## What you will do
From the entries below, retype only the lines from the one with "M (\<lambda>\<omega>. (Y" through the one with "using Ym Yb l", exactly as written.

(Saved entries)
━━━━━━━━━━━━━━━━━━━━

(* Let $1<p\le2$ and assume $\sup_{\xi\in\mathcal{I}}\|v_\xi\|_{L^\infty(\overline{M})}/\|u_\xi\|_{L^\infty(\overline{M})}<\infty$. Let $\varphi$ be a positive function on $\mathcal{I}$ such that $$M_\varphi:=\sup_{t>0}\,t\sum_{\xi\in\mathcal{I}:\ t\le\varphi(\xi)}\|u_\xi\|^2_{L^\infty(\overline{M})}<\infty.$$ Then for every $f\in L^p(\overline{M})$, $$\Big(\sum_{\xi\in\mathcal{I}}|\mathcal{F}_Lf(\xi)|^p\,\|u_\xi\|_{L^\infty(\overline{M})}^{2-p}\,\varphi(\xi)^{2-p}\Big)^{1/p}\lesssim M_\varphi^{\frac{2-p}{p}}\|f\|_{L^p(\overline{M})}.$$
   Context: Standing setup: $\overline{M}$ is a smooth orientable manifold with (possibly empty) boundary and a smooth density $dx$. $L$ is a pseudo-differential operator on its interior with boundary conditions giving discrete spectrum $\{\lambda_\xi\}_{\xi\in\mathcal{I}}$ ($\mathcal{I}$ countable), eigenfunctions $u_\xi$ of $L$ and $v_\xi$ of $L^*$ ($L^*v_\xi=\overline{\lambda_\xi}v_\xi$), with $\|u_\xi\|_{L^2}=\|v_\xi\|_{L^2}=1$, $(u_\xi,v_\eta)_{L^2}=\delta_{\xi\eta}$, $\{u_\xi\}$ a Riesz basis of $L^2(\overline{M})$, and $u_\xi,v_\xi\in L^\infty(\overline{M})$. $\mathcal{F}_Lf(\xi):=\int_{\overline{M}}f(x)\overline{v_\xi(x)}\,dx$. *)

theory Defs
  imports "HOL-Analysis.Analysis" "HOL-Probability.Essential_Supremum"
begin

text \<open>Abstract setting: the manifold with smooth density is replaced by a general
measure space M; functions are complex-valued.\<close>

definition in_Lp :: "'a measure \<Rightarrow> real \<Rightarrow> ('a \<Rightarrow> complex) \<Rightarrow> bool" where
  "in_Lp M p f \<longleftrightarrow> f \<in> borel_measurable M \<and> integrable M (\<lambda>x. norm (f x) powr p)"

definition Lp_norm :: "'a measure \<Rightarrow> real \<Rightarrow> ('a \<Rightarrow> complex) \<Rightarrow> real" where
  "Lp_norm M p f = (\<integral>x. norm (f x) powr p \<partial>M) powr (1 / p)"

definition in_Linf :: "'a measure \<Rightarrow> ('a \<Rightarrow> complex) \<Rightarrow> bool" where
  "in_Linf M f \<longleftrightarrow> f \<in> borel_measurable M \<and> esssup M (\<lambda>x. ennreal (norm (f x))) < \<infinity>"

definition Linf_norm :: "'a measure \<Rightarrow> ('a \<Rightarrow> complex) \<Rightarrow> real" where
  "Linf_norm M f = enn2real (esssup M (\<lambda>x. ennreal (norm (f x))))"

definition L2_inner :: "'a measure \<Rightarrow> ('a \<Rightarrow> complex) \<Rightarrow> ('a \<Rightarrow> complex) \<Rightarrow> complex" where
  "L2_inner M f g = (\<integral>x. f x * cnj (g x) \<partial>M)"

definition riesz_basis :: "'a measure \<Rightarrow> 'i set \<Rightarrow> ('i \<Rightarrow> 'a \<Rightarrow> complex) \<Rightarrow> bool" where
  "riesz_basis M I u \<longleftrightarrow>
     (\<forall>\<xi>\<in>I. in_Lp M 2 (u \<xi>)) \<and>
     (\<forall>f. in_Lp M 2 f \<longrightarrow> (\<forall>\<epsilon>>0. \<exists>F c. finite F \<and> F \<subseteq> I \<and>
          Lp_norm M 2 (\<lambda>x. f x - (\<Sum>\<xi>\<in>F. c \<xi> * u \<xi> x)) < \<epsilon>)) \<and>
     (\<exists>A B. 0 < A \<and> 0 < B \<and> (\<forall>F c. finite F \<longrightarrow> F \<subseteq> I \<longrightarrow>
          A * (\<Sum>\<xi>\<in>F. (cmod (c \<xi>))\<^sup>2) \<le> (Lp_norm M 2 (\<lambda>x. \<Sum>\<xi>\<in>F. c \<xi> * u \<xi> x))\<^sup>2 \<and>
          (Lp_norm M 2 (\<lambda>x. \<Sum>\<xi>\<in>F. c \<xi> * u \<xi> x))\<^sup>2 \<le> B * (\<Sum>\<xi>\<in>F. (cmod (c \<xi>))\<^sup>2)))"

definition FL :: "'a measure \<Rightarrow> ('i \<Rightarrow> 'a \<Rightarrow> complex) \<Rightarrow> ('a \<Rightarrow> complex) \<Rightarrow> 'i \<Rightarrow> complex" where
  "FL M v f \<xi> = (\<integral>x. f x * cnj (v \<xi> x) \<partial>M)"

definition M_phi :: "'a measure \<Rightarrow> 'i set \<Rightarrow> ('i \<Rightarrow> 'a \<Rightarrow> complex) \<Rightarrow> ('i \<Rightarrow> real) \<Rightarrow> ennreal" where
  "M_phi M I u \<phi> = (SUP t\<in>{0<..}. ennreal t *
      infsum (\<lambda>\<xi>. ennreal ((Linf_norm M (u \<xi>))\<^sup>2)) {\<xi>\<in>I. t \<le> \<phi> \<xi>})"

end

theory Submission
  imports Defs
begin
lemma gdist_U_origin:
  assumes "X \<in> {A, C, D}" "3 \<le> n" "i < n"
  shows "gdist (U_adj n) (t, i) (X, 0) = origin_dist n X (t, i)"
proof (rule gdist_eq_potential[where V = "U_verts n"])
  fix x y assume "U_adj n x y"
  moreover obtain s j u k where "x = (s, j)" "y = (u, k)" by fastforce
  ultimately have "k < n" "x \<in> set (U_nbrs n (u, k))"
    using U_adj_sym[of n x y] by (simp_all add: U_adj_iff_nbrs)
  then show "origin_dist n X x \<le> origin_dist n X y + 1"
    using origin_dist_nbr_le[OF assms(2)] \<open>y = (u, k)\<close> by blast
next
  fix x assume "x \<in> U_verts n" "x \<noteq> (X, 0)"
  then obtain s j where x: "x = (s, j)" "j < n" by (cases x) (simp add: U_verts_def)
  then obtain y where y: "y \<in> set (U_nbrs n x)" "origin_dist n X x = origin_dist n X y + 1"
    using origin_dist_descent[OF assms(1,2) \<open>j < n\<close>, of s] \<open>x \<noteq> (X, 0)\<close> by auto
  have "snd y < n" using U_nbrs_less[OF \<open>j < n\<close>, of y s] y(1) x(1) by simp
  then have "y \<in> U_verts n" by (cases y) (simp add: U_verts_def)
  moreover have "U_adj n x y" using y(1) x U_adj_iff_nbrs[of n s j "fst y" "snd y"] by simp
  ultimately show "\<exists>y\<in>U_verts n. U_adj n x y \<and> origin_dist n X x = origin_dist n X y + 1"
    using y(2) by blast
qed (use assms in \<open>auto simp: U_verts_def cyc_dist_def inner_dist_def\<close>)
(* Let $(\Omega,\mathcal{F})$ be a measurable space and $\mathcal{P}=\{P_1,\dots,P_K\}$ a finite set of probability measures on it, with $\hat{\mathbb{E}}[Z]=\max_{1\le i\le K}E_{P_i}[Z]$. Let $X,Y$ be random variables with $\hat{\mathbb{E}}[X^2]+\hat{\mathbb{E}}[Y^2]<\infty$, and set $a_i=E_{P_i}[X]$, $b_i=E_{P_i}[Y]$, $c_i=C_{P_i}(X,Y)$ for $1\le i\le K$. For $1\le i\le j\le K$ define $$q_{ij}(x)=\begin{cases}\dfrac{1}{b_j-b_i}\Big((x-b_i)(x-b_j)(a_i-a_j)+(x-b_i)(c_j-c_i)\Big)+c_i, & a_i\ne a_j\text{ and }b_i\ne b_j,\\ c_i, & \text{otherwise},\end{cases}$$ and $$\tilde{\mu}_{ij}=\begin{cases}\left(\left(\dfrac{c_j-c_i}{2(a_j-a_i)}+\dfrac{b_i+b_j}{2}\right)\vee\underline{b}_{ij}\right)\wedge\overline{b}_{ij}, & a_i\ne a_j\text{ and }b_i\ne b_j,\\ b_i, & \text{otherwise},\end{cases}$$ where $\underline{b}_{ij}=b_i\wedge b_j$ and $\overline{b}_{ij}=b_i\vee b_j$. Then $$\overline{C}(X,Y)=\max\Big\{\max_{1\le i\le K}C_{P_i}(X,Y),\ \max_{1\le i\le j\le K}q_{ij}(\tilde{\mu}_{ij})\Big\}.$$
   Context: For a random variable $W$ with $\hat{\mathbb{E}}[W^2]<\infty$: $\overline{\mu}_W=\hat{\mathbb{E}}[W]$, $\underline{\mu}_W=-\hat{\mathbb{E}}[-W]$, $M_W=[\underline{\mu}_W,\overline{\mu}_W]$. Upper covariance $\overline{C}(X,Y)=\max_{\mu_2\in M_Y}\min_{\mu_1\in M_X}\hat{\mathbb{E}}[(X-\mu_1)(Y-\mu_2)]$. For a probability measure $P$, $C_P(X,Y)=E_P[(X-E_P[X])(Y-E_P[Y])]$. $\vee$ and $\wedge$ denote max and min. *)

theory Defs
  imports "HOL-Probability.Probability"
begin
section \<open>Exponential moment estimates\<close>

lemma exp_mult_le_quadratic:
  fixes x l :: real
  assumes x: "\<bar>x\<bar> \<le> 1" and l: "l \<ge> 0"
  shows "exp (l * x) \<le> 1 + l * x + x\<^sup>2 * (exp l - 1 - l)"
proof -
  have s1: "summable (\<lambda>n. inverse (fact (n + 2)) * (l * x) ^ (n + 2))"
    using summable_ignore_initial_segment[OF summable_exp[of "l * x"], of 2] by simp
  have s2: "summable (\<lambda>n. inverse (fact (n + 2)) * l ^ (n + 2))"
    using summable_ignore_initial_segment[OF summable_exp[of l], of 2] by simp
  have "(\<Sum>n. inverse (fact (n + 2)) * (l * x) ^ (n + 2)) \<le> (\<Sum>n. x\<^sup>2 * (inverse (fact (n + 2)) * l ^ (n + 2)))"
  proof (rule suminf_le)
    fix n
    have "x ^ n \<le> 1"
      using power_le_one[of "\<bar>x\<bar>" n] x by (metis abs_ge_self order_trans power_abs abs_ge_zero)
    then have "(l ^ (n + 2) * x\<^sup>2) * x ^ n \<le> (l ^ (n + 2) * x\<^sup>2) * 1"
      using l by (intro mult_left_mono) auto
    then have "(l * x) ^ (n + 2) \<le> l ^ (n + 2) * x\<^sup>2"
      by (simp add: power_mult_distrib power_add power2_eq_square mult_ac)
    then show "inverse (fact (n + 2)) * (l * x) ^ (n + 2) \<le> x\<^sup>2 * (inverse (fact (n + 2)) * l ^ (n + 2))"
      by (subst mult.left_commute) (rule mult_left_mono, simp_all add: mult_ac)
  qed (use s1 s2 summable_mult in auto)
  also have "\<dots> = x\<^sup>2 * (exp l - 1 - l)"
    using suminf_mult[OF s2, of "x\<^sup>2"] exp_first_two_terms[of l] by simp
  finally show ?thesis using exp_first_two_terms[of "l * x"] by simp
qed

lemma (in prob_space) mgf_le_exp_second_moment:
  fixes Y :: "'a \<Rightarrow> real"
  assumes Ym: "Y \<in> borel_measurable M" and Yb: "\<And>\<omega>. \<omega> \<in> space M \<Longrightarrow> \<bar>Y \<omega>\<bar> \<le> 1"
    and Y0: "expectation Y = 0" and l: "l \<ge> 0"
  shows "expectation (\<lambda>\<omega>. exp (l * Y \<omega>)) \<le> exp (expectation (\<lambda>\<omega>. (Y \<omega>)\<^sup>2) * (exp l - 1 - l))"
proof -
  define C where "C = exp l - 1 - l"
  have IY: "integrable M Y" using Ym Yb by (intro integrable_const_bound[of _ 1]) auto
  have IY2: "integrable M (\<lambda>\<omega>. (Y \<omega>)\<^sup>2)"
    using Ym Yb by (intro integrable_const_bound[of _ 1]) (auto simp: abs_square_le_1)
  have IE: "integrable M (\<lambda>\<omega>. exp (l * Y \<omega>))"
    using Ym Yb l by (intro integrable_const_bound[of _ "exp l"]) (auto simp: abs_le_iff mult_left_le)
  have "expectation (\<lambda>\<omega>. exp (l * Y \<omega>)) \<le> expectation (\<lambda>\<omega>. 1 + l * Y \<omega> + (Y \<omega>)\<^sup>2 * C)"
    using exp_mult_le_quadratic[OF Yb l] IE IY IY2 unfolding C_def
    by (intro integral_mono) auto
  also have "\<dots> = 1 + l * expectation Y + expectation (\<lambda>\<omega>. (Y \<omega>)\<^sup>2) * C"
    using IY IY2 by (simp add: prob_space)
  also have "\<dots> \<le> exp (expectation (\<lambda>\<omega>. (Y \<omega>)\<^sup>2) * C)"
    using Y0 by simp
  finally show ?thesis unfolding C_def .
qed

━━━━━━━━━━━━━━━━━━━━

## Task response
  have IY2: "integrable M (\<lambda>\<omega>. (Y \<omega>)\<^sup>2)"
    using Ym Yb by (intro integrable_const_bound[of _ 1]) (auto simp: abs_square_le_1)
  have IE: "integrable M (\<lambda>\<omega>. exp (l * Y \<omega>))"
    using Ym Yb l by (intro integrable_const_bound[of _ "exp l"]) (auto simp: abs_le_iff mult_left_le)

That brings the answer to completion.